而就在这样的微妙氛围里,神权榜第十夜终于姗姗到来。
毫无疑问,于这一夜的午夜零点整,于薄帝国钟声准时响起的刹那,只听天幕所播报的是:“现播报西幻大陆神权者排行榜。”
——“神权榜第一位——人族,薄光。”
第78章 神权榜(六)
又是银白鎏光。
然而神鸣榜上的白光是猎枪是箭矢, 今夜的银白光芒却犹如一场无止无尽的洪水,它自天而始至地不绝,只一瞬便仿佛要让世界都为之倾倒。
而当这场铺天盖地的洪水顺势而落的刹那, 顿时与先前持续了九天九夜的暴雨纠缠在了一起。又因其过于浩荡的声势和那冷而璀璨的光亮,骤然看去,竟仿佛连暴雨也在避它锋芒。
即便之后这道银白洪流又回旋着冲回了榜首的姓名栏中,一字字汇聚成“人族,薄光”的字样,但先前被淹没的雨水却已然没了复起之意。

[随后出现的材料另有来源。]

lemma near_point_in_unit_cube:
  assumes "norm (y - t) \<le> 1"
  shows "\<exists>v\<in>unit_offsets. y \<in> unit_cube (t + v)"
proof
  define v :: "real^2" where "v = (\<chi> i. real_of_int (round ((y - t) $ i)))"
  have "\<bar>(y - t) $ i\<bar> \<le> 1" for i
    using component_le_norm_cart[of "y - t" i] assms by linarith
  then show "v \<in> unit_offsets"
    unfolding unit_offsets_def v_def mem_Collect_eq vec_lambda_beta
    using round_mem_if_abs_le_one by blast
  have "\<bar>(y - t) $ i - of_int (round ((y - t) $ i))\<bar> \<le> 1 / 2" for i
    using of_int_round_abs_le[of "(y - t) $ i"] by (simp add: abs_minus_commute)
  then show "y \<in> unit_cube (t + v)"
    by (simp add: v_def unit_cube_def diff_diff_eq)
qed

lemma near_points_in_unit_cubes:
  assumes "\<And>j. j \<in> J \<Longrightarrow> norm (y j - t) \<le> 1"
  shows "\<exists>v\<in>J \<rightarrow>\<^sub>E unit_offsets. \<forall>j\<in>J. y j \<in> unit_cube (t + v j)"
proof -
  have "\<forall>j\<in>J. \<exists>v\<in>unit_offsets. y j \<in> unit_cube (t + v)"
    using assms near_point_in_unit_cube by blast
  then obtain v where "\<forall>j\<in>J. v j \<in> unit_offsets \<and> y j \<in> unit_cube (t + v j)"
    unfolding Bex_def by (rule bchoice[THEN exE])
  then show ?thesis by (intro bexI[of _ "restrict v J"]) auto
qed

lemma closed_unit_cube: "closed (unit_cube c)"
  unfolding unit_cube_def
  by (intro closed_Collect_all closed_Collect_le continuous_intros)

lemma unit_cube_borel [measurable]: "unit_cube c \<in> sets borel"
  by (simp add: closed_unit_cube borel_closed)

lemma borel_measurable_birkhoff_sum [measurable]:
  assumes [measurable]: "f \<in> measurable M M" "\<tau> \<in> borel_measurable M"
  shows "birkhoff_sum f \<tau> n \<in> borel_measurable M"
  unfolding birkhoff_sum_def[abs_def] by measurable

lemma (in finite_measure) integral_card_events:
  assumes "finite L" and sets: "\<And>l. l \<in> L \<Longrightarrow> E l \<in> sets M"
  shows "integrable M (\<lambda>x. real (card {l \<in> L. x \<in> E l}))"
    and "(\<integral>x. real (card {l \<in> L. x \<in> E l}) \<partial>M) = (\<Sum>l\<in>L. measure M (E l))"
proof -
  have card_eq: "real (card {l \<in> L. x \<in> E l}) = (\<Sum>l\<in>L. indicator (E l) x)" for x
    using sum.inter_filter[OF \<open>finite L\<close>, of "\<lambda>_. 1 :: real" "\<lambda>l. x \<in> E l"]
    by (simp add: indicator_def of_bool_def)
  show "integrable M (\<lambda>x. real (card {l \<in> L. x \<in> E l}))"
    unfolding card_eq using sets by (auto simp: less_top[symmetric])
  have "(\<integral>x. (\<Sum>l\<in>L. indicator (E l) x :: real) \<partial>M) = (\<Sum>l\<in>L. \<integral>x. indicator (E l) x \<partial>M)"
    using sets by (intro Bochner_Integration.integral_sum) (auto simp: less_top[symmetric])
  also have "\<dots> = (\<Sum>l\<in>L. measure M (E l))"
    using sets by (intro sum.cong) auto
  finally show "(\<integral>x. real (card {l \<in> L. x \<in> E l}) \<partial>M) = (\<Sum>l\<in>L. measure M (E l))"
    by (simp only: card_eq)
qed

definition anticoncentration_bound ::
    "'a measure \<Rightarrow> ('a \<Rightarrow> 'a) \<Rightarrow> ('a \<Rightarrow> real^2) \<Rightarrow> nat \<Rightarrow> real \<Rightarrow> (real \<Rightarrow> real) \<Rightarrow> bool" where
  "anticoncentration_bound \<mu> f \<tau> s K \<Theta> \<longleftrightarrow>
     (\<forall>(n::nat \<Rightarrow> nat) (c::nat \<Rightarrow> real^2).
        n 0 = 0 \<longrightarrow> (\<forall>j\<in>{1..s}. n (j - 1) < n j) \<longrightarrow> c 0 = 0 \<longrightarrow>
        measure \<mu> {x \<in> space \<mu>. \<forall>j\<in>{1..s}. birkhoff_sum f \<tau> (n j) x \<in> unit_cube (c j)}
          \<le> K * (\<Prod>j\<in>{1..s}. 1 / real (n j - n (j - 1)))
              * \<Theta> (Max ((\<lambda>j. norm (c j - c (j - 1)) / sqrt (real (n j - n (j - 1)))) ` {1..s})))"

lemma anticoncentrationE:
  assumes "anticoncentration \<mu> f \<tau>" and "1 \<le> s"
  obtains K \<Theta> where "antimono \<Theta>" and "(\<lambda>r. \<Theta> r * r ^ 2) integrable_on {1..}"
    and "anticoncentration_bound \<mu> f \<tau> s K \<Theta>"
proof -
  have "anticoncentration \<mu> f \<tau> \<longleftrightarrow> (\<forall>s. 1 \<le> s \<longrightarrow> (\<exists>K \<Theta>. antimono \<Theta> \<and>
      (\<lambda>r. \<Theta> r * r ^ 2) integrable_on {1..} \<and> anticoncentration_bound \<mu> f \<tau> s K \<Theta>))"
    unfolding anticoncentration_def anticoncentration_bound_def by (rule refl)
  with assms that show ?thesis by blast
qed

lemma anticoncentration_bound_le:
  assumes bound: "anticoncentration_bound \<mu> f \<tau> s K \<Theta>"
    and mono: "antimono \<Theta>" and nonneg: "\<And>r. 0 \<le> \<Theta> r" and "1 \<le> s"
    and "n 0 = 0" and "\<And>j. j \<in> {1..s} \<Longrightarrow> n (j - 1) < n j" and "c 0 = 0"
  shows "measure \<mu> {x \<in> space \<mu>. \<forall>j\<in>{1..s}. birkhoff_sum f \<tau> (n j) x \<in> unit_cube (c j)}
           \<le> max K 0 * \<Theta> 0 * (\<Prod>j\<in>{1..s}. 1 / real (n j - n (j - 1)))"
proof -
  define P where "P = (\<Prod>j\<in>{1..s}. 1 / real (n j - n (j - 1)))"
  define M where "M = Max ((\<lambda>j. norm (c j - c (j - 1)) / sqrt (real (n j - n (j - 1)))) ` {1..s})"
  have "0 \<le> P" by (simp add: P_def prod_nonneg)
  have "1 \<in> {1..s}" using \<open>1 \<le> s\<close> by simp
  have "0 \<le> norm (c 1 - c (1 - 1)) / sqrt (real (n 1 - n (1 - 1)))" by simp
  also have "\<dots> \<le> M"
    unfolding M_def by (rule Max_ge[OF finite_imageI[OF finite_atLeastAtMost] imageI[OF \<open>1 \<in> {1..s}\<close>]])
  finally have "\<Theta> M \<le> \<Theta> 0" using mono by (simp add: antimono_def)
  have "measure \<mu> {x \<in> space \<mu>. \<forall>j\<in>{1..s}. birkhoff_sum f \<tau> (n j) x \<in> unit_cube (c j)}
      \<le> K * P * \<Theta> M"
    using bound assms(5-7) unfolding anticoncentration_bound_def P_def M_def by blast
  also have "K * P * \<Theta> M \<le> max K 0 * P * \<Theta> M"
    using \<open>0 \<le> P\<close> nonneg by (intro mult_right_mono) auto
  also have "\<dots> \<le> max K 0 * P * \<Theta> 0"
    using \<open>0 \<le> P\<close> \<open>\<Theta> M \<le> \<Theta> 0\<close> by (intro mult_left_mono) auto
  finally show ?thesis by (simp add: P_def mult_ac)
qed

lemma measure_near_visits_le:
  assumes "prob_space \<mu>" and [measurable]: "f \<in> measurable \<mu> \<mu>" "\<tau> \<in> borel_measurable \<mu>"
    and bound: "anticoncentration_bound \<mu> f \<tau> p K \<Theta>"
    and mono: "antimono \<Theta>" and nonneg: "\<And>r. 0 \<le> \<Theta> r" and "1 \<le> p"
    and xs: "xs \<in> increasing_tuples {0<..N} p"
  shows "measure \<mu> {x \<in> space \<mu>. \<forall>n\<in>set xs. norm (birkhoff_sum f \<tau> n x - t) \<le> 1}
           \<le> real (card unit_offsets) ^ p * max K 0 * \<Theta> 0 * gap_weight 0 xs"
proof -
  interpret prob_space \<mu> by fact
  define n where "n j = (0 # xs) ! j" for j
  have len: "length xs = p" using xs by (simp add: increasing_tuples_def)
  have "sorted_wrt (<) (0 # xs)" using xs by (auto simp: increasing_tuples_def)
  from sorted_wrt_nth_less[OF this]
  have n_less: "n (j - 1) < n j" if "j \<in> {1..p}" for j
    using that len by (simp add: n_def)
  have n_mem: "n j \<in> set xs" if "j \<in> {1..p}" for j
    using that len by (auto simp: n_def nth_Cons')
  define cube where "cube v j = (if j = 0 then 0 else t + v j)" for v :: "nat \<Rightarrow> real^2" and j
  define F where "F v = {x \<in> space \<mu>. \<forall>j\<in>{1..p}. birkhoff_sum f \<tau> (n j) x \<in> unit_cube (cube v j)}" for v
  define G where "G = {1..p} \<rightarrow>\<^sub>E unit_offsets"
  define E where "E = {x \<in> space \<mu>. \<forall>n\<in>set xs. norm (birkhoff_sum f \<tau> n x - t) \<le> 1}"
  have F_sets: "F v \<in> sets \<mu>" for v unfolding F_def by measurable
  have "E \<subseteq> (\<Union>v\<in>G. F v)"
  proof
    fix x assume x: "x \<in> E"
    then obtain v where "v \<in> G" and "\<forall>j\<in>{1..p}. birkhoff_sum f \<tau> (n j) x \<in> unit_cube (t + v j)"
      using near_points_in_unit_cubes[of "{1..p}" "\<lambda>j. birkhoff_sum f \<tau> (n j) x" t] n_mem
      unfolding G_def E_def by auto
    with x show "x \<in> (\<Union>v\<in>G. F v)" by (auto simp: F_def E_def cube_def)
  qed
  then have "measure \<mu> E \<le> (\<Sum>v\<in>G. measure \<mu> (F v))"
    using F_sets finite_unit_offsets
    by (intro order.trans[OF finite_measure_mono measure_UNION_le]) (auto simp: G_def finite_PiE)
  also have "\<dots> \<le> (\<Sum>v\<in>G. max K 0 * \<Theta> 0 * gap_weight 0 xs)"
  proof (rule sum_mono)
    fix v
    have "measure \<mu> (F v) \<le> max K 0 * \<Theta> 0 * (\<Prod>j\<in>{1..p}. 1 / real (n j - n (j - 1)))"
      unfolding F_def using n_less
      by (intro anticoncentration_bound_le[OF bound mono nonneg \<open>1 \<le> p\<close>]) (simp_all add: n_def cube_def)
    then show "measure \<mu> (F v) \<le> max K 0 * \<Theta> 0 * gap_weight 0 xs"
      using prod_gaps_eq_gap_weight[of 0 xs] len by (simp add: n_def)
  qed
  also have "\<dots> = real (card unit_offsets) ^ p * max K 0 * \<Theta> 0 * gap_weight 0 xs"
    by (simp add: G_def card_PiE)
  finally show ?thesis by (simp add: E_def)
qed
(* Let $f_1,\dots,f_n:\mathbb{R}^d\to\mathbb{R}$ satisfy Assumptions A1 and A2. Then the map $x^*:\Delta^{n-1}\to\mathbb{R}^d$, $x^*(\beta)=\operatorname{argmin}_x f_\beta(x)$, is $M_0$-Lipschitz continuous and has $M_1$-Lipschitz continuous gradients, where \[M_0:=\kappa R\qquad\text{and}\qquad M_1:=2\kappa^2R\left(1+\frac{L_HR}{\mu}\right).\]
   Context: Assumption A1: each $f_i$ is twice differentiable with $\mu\mathbf{I}\preceq\nabla^2 f_i(x)\preceq L\mathbf{I}$ for all $x$, $0<\mu\le L$; $\kappa:=L/\mu$. Assumption A2: $\|\nabla^2 f_i(x)-\nabla^2 f_i(y)\|_2\le L_H\|x-y\|_2$ for all $x,y$ and all $i$. $f_\beta:=\sum_i\beta_if_i$ for $\beta$ in the simplex $\Delta^{n-1}$. $\mathrm{Pareto}(F)$ is the set of Pareto optimal points of $F=(f_1,\dots,f_n)$ (equivalently, under A1, points $x$ with $\nabla f_\beta(x)=0$ for some $\beta\in\Delta^{n-1}$), and $R$ is its diameter in $\ell_2$. The simplex $\Delta^{n-1}$ carries the $\ell_1$ metric and $\mathbb{R}^d$ the $\ell_2$ metric; Lipschitz continuity of $\nabla x^*$ is measured in the operator norm $\|A\|_{1,2}:=\sup_{\|z\|_1=1}\|Az\|_2$. *)

theory Defs
  imports "HOL-Analysis.Analysis"
begin

text \<open>Objectives are indexed by a finite type 'n (so n = CARD('n)), points live in real^'d.\<close>

definition l1norm :: "real^'n \<Rightarrow> real" where
  "l1norm z = (\<Sum>i\<in>UNIV. \<bar>z $ i\<bar>)"

definition std_simplex :: "(real^'n) set" where
  "std_simplex = {\<beta>. (\<forall>i. 0 \<le> \<beta> $ i) \<and> (\<Sum>i\<in>UNIV. \<beta> $ i) = 1}"

text \<open>Nonnegative orthant without the origin: the natural open-cone domain of x* containing the std_simplex,
 used to speak of the (unique) derivative of x* at points of the std_simplex.\<close>
definition posorth :: "(real^'n) set" where
  "posorth = {\<beta>. (\<forall>i. 0 \<le> \<beta> $ i)} - {0}"
definition dyadic_central_block ::
  "real \<Rightarrow> real \<Rightarrow> real \<Rightarrow> real \<Rightarrow> real \<Rightarrow> int \<Rightarrow> ('a::euclidean_space \<Rightarrow> real) \<Rightarrow> bool" where
  "dyadic_central_block C \<alpha> q r t k b \<longleftrightarrow>
     b \<in> borel_measurable lebesgue \<and>
     {x. b x \<noteq> 0} \<subseteq> Bk k \<and>
     slice_norm t r q b \<le> ennreal (C * (2 powr real_of_int k) powr (- \<alpha>))"

end

theory Submission
  imports Defs
begin

text \<open>
  (1) \<open>\<Longrightarrow>\<close> (2): cut \<open>f\<close> along the dyadic annuli \<open>S_k\<close>. If \<open>\<lambda>_k \<ge> 2^(k\<alpha>) N_k / C\<close>, where
  \<open>N_k\<close> is the slice norm of \<open>f 1_(S_k)\<close>, then \<open>f 1_(S_k) / \<lambda>_k\<close> is a dyadic central block, and
  \<open>\<Sum>_k (2^(k\<alpha>) N_k)^p\<close> is the Herz quasi-norm to the power \<open>p\<close>.

  (2) \<open>\<Longrightarrow>\<close> (1): only the blocks \<open>b_k\<close> with \<open>k \<ge> j\<close> meet \<open>S_j\<close>, so countable subadditivity of the
  slice norm (Minkowski's inequality in \<open>L^r\<close> and in \<open>L^q\<close>) gives
  \<open>2^(j\<alpha>) N_j \<le> C \<Sum>_(m\<ge>0) 2^(-m\<alpha>) |\<lambda>_(j+m)|\<close>. Convolving an \<open>\<ell>^p\<close> sequence with the summable
  kernel \<open>2^(-m\<alpha>)\<close> stays in \<open>\<ell>^p\<close>: by Minkowski's inequality in \<open>\<ell>^p\<close> for \<open>p \<ge> 1\<close>, and by
  subadditivity of \<open>x \<mapsto> x^p\<close> for \<open>p < 1\<close>.
\<close>

lemma ennpowr_ennreal: "0 \<le> x \<Longrightarrow> ennpowr (ennreal x) a = ennreal (x powr a)"
  by (simp add: ennpowr_def)

lemma ennpowr_top [simp]: "ennpowr top a = top"
  by (simp add: ennpowr_def)

lemma ennpowr_0 [simp]: "ennpowr 0 a = 0"
  by (simp add: ennpowr_def)

lemma ennpowr_1 [simp]: "ennpowr x 1 = x"
  by (cases x) (auto simp: ennpowr_ennreal)

lemma ennpowr_less_top_iff: "a > 0 \<Longrightarrow> ennpowr x a < top \<longleftrightarrow> x < top"
  by (auto simp: ennpowr_def top.not_eq_extremum)

lemma ennpowr_mono: "a \<ge> 0 \<Longrightarrow> x \<le> y \<Longrightarrow> ennpowr x a \<le> ennpowr y a"
  by (cases x; cases y) (auto simp: ennpowr_ennreal top_unique intro!: powr_mono2)

lemma ennpowr_powr: "a > 0 \<Longrightarrow> b > 0 \<Longrightarrow> ennpowr (ennpowr x a) b = ennpowr x (a * b)"
  by (cases x) (auto simp: ennpowr_ennreal powr_powr)
lemma stone_cech_separating_zero_sets:
  assumes "stone_cech X K e" "p \<in> topspace K" "q \<in> topspace K" "p \<noteq> q"
  obtains Z1 Z2 where "zero_set X Z1" "zero_set X Z2" "Z1 \<inter> Z2 = {}"
    "p \<in> K closure_of (e ` Z1)" "q \<in> K closure_of (e ` Z2)"
proof -
  have K: "compact_space K" "Hausdorff_space K" and dense: "K closure_of (e ` topspace X) = topspace K"
    and e: "continuous_map X K e"
    using assms(1) stone_cech_continuous_map unfolding stone_cech_def by blast+
  have "completely_regular_space K"
    using K by (simp add: compact_Hausdorff_or_regular_imp_normal_space normal_imp_completely_regular_space)
  then obtain g where g: "continuous_map K euclideanreal g" "g p = 0" "g q = 1"
    using assms(2-4) closedin_Hausdorff_singleton[OF K(2) assms(3)]
    unfolding completely_regular_space_alt by (metis Diff_iff image_subset_iff singletonD singletonI)
  have ge: "continuous_map X euclideanreal (\<lambda>x. g (e x))"
    using continuous_map_compose[OF e g(1)] by (simp add: o_def)
  have near: "r \<in> K closure_of (e ` {x \<in> topspace X. g (e x) \<in> U})"
    if "open U" "r \<in> topspace K" "g r \<in> U" for r U
  proof -
    have "{x \<in> topspace X. e x \<in> {y \<in> topspace K. g y \<in> U}} = {x \<in> topspace X. g (e x) \<in> U}"
      using continuous_map_image_subset_topspace[OF e] by auto
    then show ?thesis
      using dense_image_closure_of_preimage[OF e dense, of "{y \<in> topspace K. g y \<in> U}" r] that
        openin_continuous_map_preimage[OF g(1), of U]
      by simp
  qed
  show thesis
  proof
    show "zero_set X {x \<in> topspace X. g (e x) \<le> 1/3}"
      using ge by (rule zero_set_sublevel)
    show "zero_set X {x \<in> topspace X. 2/3 \<le> g (e x)}"
      using ge by (rule zero_set_superlevel)
    have "p \<in> K closure_of (e ` {x \<in> topspace X. g (e x) \<in> {..<1/3}})"
      by (rule near) (simp_all add: assms(2) g(2))
    then show "p \<in> K closure_of (e ` {x \<in> topspace X. g (e x) \<le> 1/3})"
      by (rule closure_of_mono[THEN subsetD, rotated]) auto
    have "q \<in> K closure_of (e ` {x \<in> topspace X. g (e x) \<in> {2/3<..}})"
      by (rule near) (simp_all add: assms(3) g(3))
    then show "q \<in> K closure_of (e ` {x \<in> topspace X. 2/3 \<le> g (e x)})"
      by (rule closure_of_mono[THEN subsetD, rotated]) auto
  qed auto
qed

因为此时此刻,于离天幕最近的众神殿中, 那位造就了多日暴雨的神明正低笑着抬手, 似拭去似摩挲地划过刚才偶然溅在他咽喉的光点, 显然心情颇为愉悦。
并且不仅是此刻位于首座的阿蒙。
透过先前那携光之雨的折射, 无论是埃或阿尔法, 今夜看着都罕见地平和。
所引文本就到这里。